lemma Bd_Cauchy_tail_bound:
  assumes f: "\<And>n. f n \<in> Bd dX normY"
    and L: "\<And>x. (\<lambda>n. normY (f n x - L x)) \<longlonglongrightarrow> 0"
    and N: "\<forall>m\<ge>N. \<forall>n\<ge>N. bd_norm (\<lambda>x. f m x - f n x) < e" and "n \<ge> N"
  shows "(\<lambda>x. f n x - L x) \<in> Bd dX normY" and "bd_norm (\<lambda>x. f n x - L x) \<le> e"
proof -
  have "normY (f n x - L x) \<le> e * weight dX x" for x
  proof (rule normY_diff_le_of_tendsto[OF L])
    show "\<forall>\<^sub>F m in sequentially. normY (f n x - f m x) \<le> e * weight dX x"
    proof (rule eventually_sequentiallyI)
      fix m assume "N \<le> m"
      then have "bd_norm (\<lambda>x. f n x - f m x) \<le> e"
        using N \<open>n \<ge> N\<close> by (simp add: less_imp_le)
      then show "normY (f n x - f m x) \<le> e * weight dX x"
        using normY_diff_le_bd_norm[OF f[of n] f[of m], of x] weight_pos[of x]
        by (meson mult_right_mono less_imp_le order_trans)
    qed
  qed
  then show "(\<lambda>x. f n x - L x) \<in> Bd dX normY" "bd_norm (\<lambda>x. f n x - L x) \<le> e"
    by (rule Bd_and_bd_norm_le)+
qed

theorem Bd_banach_algebra:
  assumes "banach_algebra_on UNIV 0 (+) scaleY (*) normY"
  shows "banach_algebra_on (Bd dX normY) (\<lambda>_. 0) (\<lambda>F G x. F x + G x) (\<lambda>c F x. scaleY c (F x))
     (star scaleY dX) bd_norm"
  unfolding banach_algebra_on_def
proof (intro conjI Bd_normed_algebra allI impI)
  have Y_complete: "\<And>g. (\<forall>e>0. \<exists>N. \<forall>m\<ge>N. \<forall>n\<ge>N. normY (g m - g n) < e) \<Longrightarrow>
      \<exists>l. (\<lambda>n. normY (g n - l)) \<longlonglongrightarrow> 0"
    using assms unfolding banach_algebra_on_def by simp
  fix f :: "nat \<Rightarrow> 'a \<Rightarrow> 'b"
  assume "(\<forall>n. f n \<in> Bd dX normY) \<and>
    (\<forall>e>0. \<exists>N. \<forall>m\<ge>N. \<forall>n\<ge>N. bd_norm (\<lambda>x. f m x + scaleY (- 1) (f n x)) < e)"
  then have f: "\<And>n. f n \<in> Bd dX normY"
    and Cauchy: "\<forall>e>0. \<exists>N. \<forall>m\<ge>N. \<forall>n\<ge>N. bd_norm (\<lambda>x. f m x - f n x) < e"
    by simp_all
  obtain L where L: "\<And>x. (\<lambda>n. normY (f n x - L x)) \<longlonglongrightarrow> 0"
    using Bd_Cauchy_pointwise_limit[OF Y_complete f Cauchy] by blast
  have tail: "\<exists>N. \<forall>n\<ge>N. (\<lambda>x. f n x - L x) \<in> Bd dX normY \<and> bd_norm (\<lambda>x. f n x - L x) \<le> e"
    if "0 < e" for e
    using Cauchy that Bd_Cauchy_tail_bound[OF f L] by meson
  then obtain N where "(\<lambda>x. f N x - L x) \<in> Bd dX normY"
    by (meson order_refl zero_less_one)
  from Bd_diff[OF f[of N] this] have "L \<in> Bd dX normY" by simp
  moreover have "(\<lambda>n. bd_norm (\<lambda>x. f n x - L x)) \<longlonglongrightarrow> 0"
  proof (rule LIMSEQ_I)
    fix r :: real assume "0 < r"
    then obtain N where N: "\<forall>n\<ge>N. (\<lambda>x. f n x - L x) \<in> Bd dX normY \<and> bd_norm (\<lambda>x. f n x - L x) \<le> r / 2"
      using tail[of "r / 2"] by auto
    have "norm (bd_norm (\<lambda>x. f n x - L x) - 0) < r" if "n \<ge> N" for n
    proof -
      have "0 \<le> bd_norm (\<lambda>x. f n x - L x)" "bd_norm (\<lambda>x. f n x - L x) \<le> r / 2"
        using N that bd_norm_nonneg by blast+
      then show ?thesis using \<open>0 < r\<close> by (simp only: real_norm_def diff_zero)
    qed
    then show "\<exists>N. \<forall>n\<ge>N. norm (bd_norm (\<lambda>x. f n x - L x) - 0) < r" by blast
  qed
  ultimately show "\<exists>L\<in>Bd dX normY. (\<lambda>n. bd_norm (\<lambda>x. f n x + scaleY (- 1) (L x))) \<longlonglongrightarrow> 0"
    by auto
qed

+ + + + +

WHAT YOU HAVE TO DO:
Only one stretch of the records above is wanted: the lines between the one holding "(star scaleY dX)" and the one holding "< e) \<Longrightarrow>", inclusive, reproduced exactly.

TASK SOLUTION:
     (star scaleY dX) bd_norm"
  unfolding banach_algebra_on_def
proof (intro conjI Bd_normed_algebra allI impI)
  have Y_complete: "\<And>g. (\<forall>e>0. \<exists>N. \<forall>m\<ge>N. \<forall>n\<ge>N. normY (g m - g n) < e) \<Longrightarrow>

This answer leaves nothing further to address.